lemma mps_sum_smirnov_trees:
  assumes M: "set_mset M \<subseteq> {..m}"
  shows "mps_sum smirnov_trees (tree_weight rb r lb l) M = mcoeff (rooted_series m {1..m}) M"
proof -
  have weight: "rooted_weight m {1..m} T = (if T \<in> smirnov_trees then tree_edge_weight rb r lb l T else 0)"
    if "T \<in> labelled_trees M" for T
  proof -
    have "set_mset (tree_labels T) \<subseteq> {1..m} \<longleftrightarrow> 0 \<notin># tree_labels T"
      using that M by (auto simp: labelled_trees_def Suc_le_eq intro: gr0I)
    moreover have "(\<exists>b\<in>{1..m}. root_label T = Some b) \<longleftrightarrow> T \<noteq> Leaf"
      if "set_mset (tree_labels T) \<subseteq> {1..m}"
      using that by (cases T) auto
    ultimately have "T \<in> smirnov_trees \<longleftrightarrow> smirnov_tree_over m T \<and> (\<exists>b\<in>{1..m}. root_label T = Some b)"
      by (auto simp: smirnov_trees_def smirnov_tree_over_def)
    then show ?thesis
      by (simp add: rooted_weight_def)
  qed
  have "mps_sum smirnov_trees (tree_weight rb r lb l) M
      = (\<Sum>T\<in>labelled_trees M \<inter> smirnov_trees. tree_weight rb r lb l T M)"
    by (rule mps_sum_eq_sum)
       (simp_all add: finite_labelled_trees, auto simp: labelled_trees_def tree_weight_def)
  also have "\<dots> = (\<Sum>T\<in>labelled_trees M \<inter> smirnov_trees. tree_edge_weight rb r lb l T)"
    by (rule sum.cong) (auto simp: tree_weight_def labelled_trees_def)
  also have "\<dots> = (\<Sum>T\<in>labelled_trees M. if T \<in> smirnov_trees then tree_edge_weight rb r lb l T else 0)"
    by (simp add: sum.inter_restrict finite_labelled_trees)
  also have "\<dots> = (\<Sum>T\<in>labelled_trees M. rooted_weight m {1..m} T)"
  proof (rule sum.cong)
    fix T assume "T \<in> labelled_trees M"
    then show "(if T \<in> smirnov_trees then tree_edge_weight rb r lb l T else 0) = rooted_weight m {1..m} T"
      by (simp only: weight)
  qed (rule refl)
  finally show ?thesis
    by (simp add: rooted_series_def mcoeff_tree_series)
qed

lemma rooted_series_eq_word_series:
  fixes m :: nat
  assumes "\<And>c. (rb + lb - r - l) * c = 0 \<Longrightarrow> c = 0"
  defines "G \<equiv> rooted_series m {1..m}"
  shows "G = (\<Sum>a\<in>{1..m}. word_series (ascent_weight G) (descent_weight G) m a)"
proof (rule functional_eq_unique)
  show "(1 + ascent_weight G * G) * (\<Prod>a\<in>{1..m}. 1 + descent_weight G * mmonom {#a#})
    = (1 + descent_weight G * G) * (\<Prod>a\<in>{1..m}. 1 + ascent_weight G * mmonom {#a#})"
    unfolding G_def by (rule rooted_series_functional_eq)
  show "(1 + ascent_weight G * (\<Sum>a\<in>{1..m}. word_series (ascent_weight G) (descent_weight G) m a))
      * (\<Prod>a\<in>{1..m}. 1 + descent_weight G * mmonom {#a#})
    = (1 + descent_weight G * (\<Sum>a\<in>{1..m}. word_series (ascent_weight G) (descent_weight G) m a))
      * (\<Prod>a\<in>{1..m}. 1 + ascent_weight G * mmonom {#a#})"
    by (rule word_series_functional_eq)
  have "mcoeff (ascent_weight G * (\<Prod>a\<in>{1..m}. 1 + descent_weight G * mmonom {#a#})
      - descent_weight G * (\<Prod>a\<in>{1..m}. 1 + ascent_weight G * mmonom {#a#})) {#}
    = rb + lb - r - l"
    by (simp add: G_def mcoeff_mult_empty mcoeff_prod_empty mcoeff_ascent_weight
        mcoeff_descent_weight mcoeff_rooted_series_empty mcoeff_mmonom mcoeff_one mps_add_def
        mps_smult_def mps_const_def)
  then show "\<And>c. mcoeff (ascent_weight G * (\<Prod>a\<in>{1..m}. 1 + descent_weight G * mmonom {#a#})
      - descent_weight G * (\<Prod>a\<in>{1..m}. 1 + ascent_weight G * mmonom {#a#})) {#} * c = 0 \<Longrightarrow> c = 0"
    using assms(1) by simp
qed
lemma set_integrable_wedge:
  fixes \<psi> :: "real \<times> real \<Rightarrow> real"
  assumes "continuous_on UNIV \<psi>" "compact (closure {z. \<psi> z \<noteq> 0})"
  shows "integrable lborel (\<lambda>x. indicator {c * t - \<delta> * t..<c * t} x * \<psi> (x, t))"
    and "set_integrable lborel {0<..}
           (\<lambda>t. LINT x|lborel. indicator {c * t - \<delta> * t..<c * t} x * \<psi> (x, t))"
proof -
  let ?g = "\<lambda>(x, t). indicator {c * t - \<delta> * t..<c * t} x :: real"
  have "?g \<in> borel_measurable borel"
    unfolding indicator_def atLeastLessThan_iff borel_prod[symmetric] by measurable
  moreover have "\<bar>?g z\<bar> \<le> 1" for z
    by (cases z) (simp add: indicator_def)
  ultimately show "integrable lborel (\<lambda>x. indicator {c * t - \<delta> * t..<c * t} x * \<psi> (x, t))"
    and "set_integrable lborel {0<..}
           (\<lambda>t. LINT x|lborel. indicator {c * t - \<delta> * t..<c * t} x * \<psi> (x, t))"
    using set_integrable_iterated_mult_compact_support[OF assms, of ?g 1] by simp_all
qed

lemma wedge_average_error:
  fixes \<psi> :: "real \<times> real \<Rightarrow> real"
  assumes "continuous_on UNIV \<psi>" "compact (closure {z. \<psi> z \<noteq> 0})"
    and "0 < \<delta>" "0 < R" and R: "\<And>x t. \<psi> (x, t) \<noteq> 0 \<Longrightarrow> \<bar>t\<bar> \<le> R"
    and near: "\<And>x t. 0 < t \<Longrightarrow> t \<le> R \<Longrightarrow> c * t - \<delta> * t \<le> x \<Longrightarrow> x < c * t
                 \<Longrightarrow> \<bar>\<psi> (x, t) - \<psi> (c * t, t)\<bar> \<le> \<epsilon>"
  shows "\<bar>(LINT t:{0<..}|lborel. LINT x|lborel. indicator {c * t - \<delta> * t..<c * t} x * \<psi> (x, t)) / \<delta>
           - (LINT t:{0<..}|lborel. t * \<psi> (c * t, t))\<bar> \<le> \<epsilon> * R * R"
proof -
  obtain M where M: "\<And>z. \<bar>\<psi> z\<bar> \<le> M"
    using compact_support_bounds[OF assms(1,2)] by metis
  have [measurable]: "\<psi> \<in> borel_measurable borel"
    using assms(1) by (rule borel_measurable_continuous_onI)
  define F where "F t = (LINT x|lborel. indicator {c * t - \<delta> * t..<c * t} x * \<psi> (x, t))" for t
  define G where "G t = t * \<psi> (c * t, t)" for t
  have "0 \<le> \<epsilon>"
    using near[of R "c * R - \<delta> * R"] \<open>0 < \<delta>\<close> \<open>0 < R\<close> by simp
  have vanish: "F t = 0" "G t = 0" if "R < t" for t
  proof -
    have "\<psi> (x, t) = 0" for x
      using R[of x t] that by linarith
    then show "F t = 0" "G t = 0"
      unfolding F_def G_def by simp_all
  qed
  have F_int: "set_integrable lborel {0<..} F"
    unfolding F_def using set_integrable_wedge(2)[OF assms(1,2)] .
  have "\<bar>G t\<bar> \<le> R * M" if "0 < t" for t
    using vanish(2)[of t] M[of "(c * t, t)"] \<open>0 < R\<close> that
    by (cases "t \<le> R") (auto simp: G_def abs_mult intro: mult_mono)
  moreover have "G \<in> borel_measurable borel"
    unfolding G_def by measurable
  ultimately have G_int: "set_integrable lborel {0<..} G"
    using set_integrable_bounded_support(1)[of G "R * M" R] vanish(2) \<open>0 < R\<close> by simp
  have "\<bar>F t / \<delta> - G t\<bar> \<le> \<epsilon> * R" if "0 < t" for t
  proof (cases "t \<le> R")
    case True
    have "\<bar>F t - (c * t - (c * t - \<delta> * t)) * \<psi> (c * t, t)\<bar> \<le> \<epsilon> * (c * t - (c * t - \<delta> * t))"
      unfolding F_def using near \<open>0 < t\<close> True \<open>0 < \<delta>\<close> by (intro interval_integral_close_to_const) auto
    then have "\<bar>F t - \<delta> * G t\<bar> \<le> (\<epsilon> * t) * \<delta>"
      by (simp add: G_def algebra_simps)
    moreover have "F t / \<delta> - G t = (F t - \<delta> * G t) / \<delta>"
      using \<open>0 < \<delta>\<close> by (simp add: diff_divide_distrib)
    ultimately have "\<bar>F t / \<delta> - G t\<bar> \<le> \<epsilon> * t"
      using \<open>0 < \<delta>\<close> by (simp add: abs_divide pos_divide_le_eq)
    also have "\<dots> \<le> \<epsilon> * R"
      using True \<open>0 \<le> \<epsilon>\<close> by (simp add: mult_left_mono)
    finally show ?thesis .
  qed (use vanish \<open>0 \<le> \<epsilon>\<close> \<open>0 < R\<close> in simp)
  moreover have "(\<lambda>t. F t / \<delta> - G t) \<in> borel_measurable lborel"
    unfolding F_def G_def indicator_def atLeastLessThan_iff by measurable
  ultimately have "\<bar>LINT t:{0<..}|lborel. F t / \<delta> - G t\<bar> \<le> \<epsilon> * R * R"
    using set_integrable_bounded_support(2)[of "\<lambda>t. F t / \<delta> - G t" "\<epsilon> * R" R] vanish \<open>0 < R\<close>
    by simp
  then show ?thesis
    using F_int G_int unfolding F_def G_def by simp
qed
lemma ip_mult_op_mult_op:
  assumes L1: "in_Ldagger ip D (mult_dom ip D M m1 om th) (mult_op ip D M m1 om th)"
    and L2: "in_Ldagger ip D (mult_dom ip D M m2 om th) (mult_op ip D M m2 om th)"
    and m1: "m1 \<in> borel_measurable M" and m2: "m2 \<in> borel_measurable M"
    and f: "f \<in> D" and g: "g \<in> D"
  shows "integrable M (\<lambda>x. m1 x * m2 x * om x f * cnj (th x g))"
    and "ip (mult_op ip D M m1 om th (mult_op ip D M m2 om th f)) g =
      (LINT x|M. m1 x * m2 x * om x f * cnj (th x g))"
proof -
  define B1 where "B1 = adjoint_op ip (mult_dom ip D M m1 om th) (mult_op ip D M m1 om th)"
  define B2 where "B2 = adjoint_op ip (mult_dom ip D M m2 om th) (mult_op ip D M m2 om th)"
  have B1g: "B1 g \<in> D" and B21g: "B2 (B1 g) \<in> D"
    using in_Ldagger_adjoint(1)[OF L1 g] in_Ldagger_adjoint(1)[OF L2] by (simp_all add: B1_def B2_def)
  have "mult_op ip D M m2 om th f \<in> D"
    using L2 f unfolding in_Ldagger_def by blast
  then have "ip (mult_op ip D M m1 om th (mult_op ip D M m2 om th f)) g = ip f (B2 (B1 g))"
    using in_Ldagger_adjoint(2)[OF L1 g] in_Ldagger_adjoint(2)[OF L2 B1g f] by (simp add: B1_def B2_def)
  also have "\<dots> = (LINT x|M. om x f * cnj (th x (B2 (B1 g))))"
    by (rule reconstruction_conj(2)[OF f B21g])
  finally have ip_eq: "ip (mult_op ip D M m1 om th (mult_op ip D M m2 om th f)) g =
    (LINT x|M. om x f * cnj (th x (B2 (B1 g))))" .
  have ae: "AE x in M. om x f * cnj (th x (B2 (B1 g))) = m1 x * m2 x * om x f * cnj (th x g)"
    using adjoint_mult_op_ae[OF L2 m2 B1g] adjoint_mult_op_ae[OF L1 m1 g]
    unfolding B1_def B2_def by eventually_elim simp
  have meas: "(\<lambda>x. om x f * cnj (th x (B2 (B1 g)))) \<in> borel_measurable M"
    "(\<lambda>x. m1 x * m2 x * om x f * cnj (th x g)) \<in> borel_measurable M"
    using om_measurable[OF f] th_measurable[OF B21g] th_measurable[OF g] m1 m2 by measurable
  show "integrable M (\<lambda>x. m1 x * m2 x * om x f * cnj (th x g))"
    using integrable_cong_AE_imp[OF reconstruction_conj(1)[OF f B21g] meas(2) ae] .
  show "ip (mult_op ip D M m1 om th (mult_op ip D M m2 om th f)) g =
      (LINT x|M. m1 x * m2 x * om x f * cnj (th x g))"
    unfolding ip_eq by (rule integral_cong_AE[OF meas ae])
qed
* * * * * * *
*Exercise goal*: Wherever the string "intro" appears in a line of the records, copy that line.

*Output for this task*:
      using that M by (auto simp: labelled_trees_def Suc_le_eq intro: gr0I)
    by (cases "t \<le> R") (auto simp: G_def abs_mult intro: mult_mono)
      unfolding F_def using near \<open>0 < t\<close> True \<open>0 < \<delta>\<close> by (intro interval_integral_close_to_const) auto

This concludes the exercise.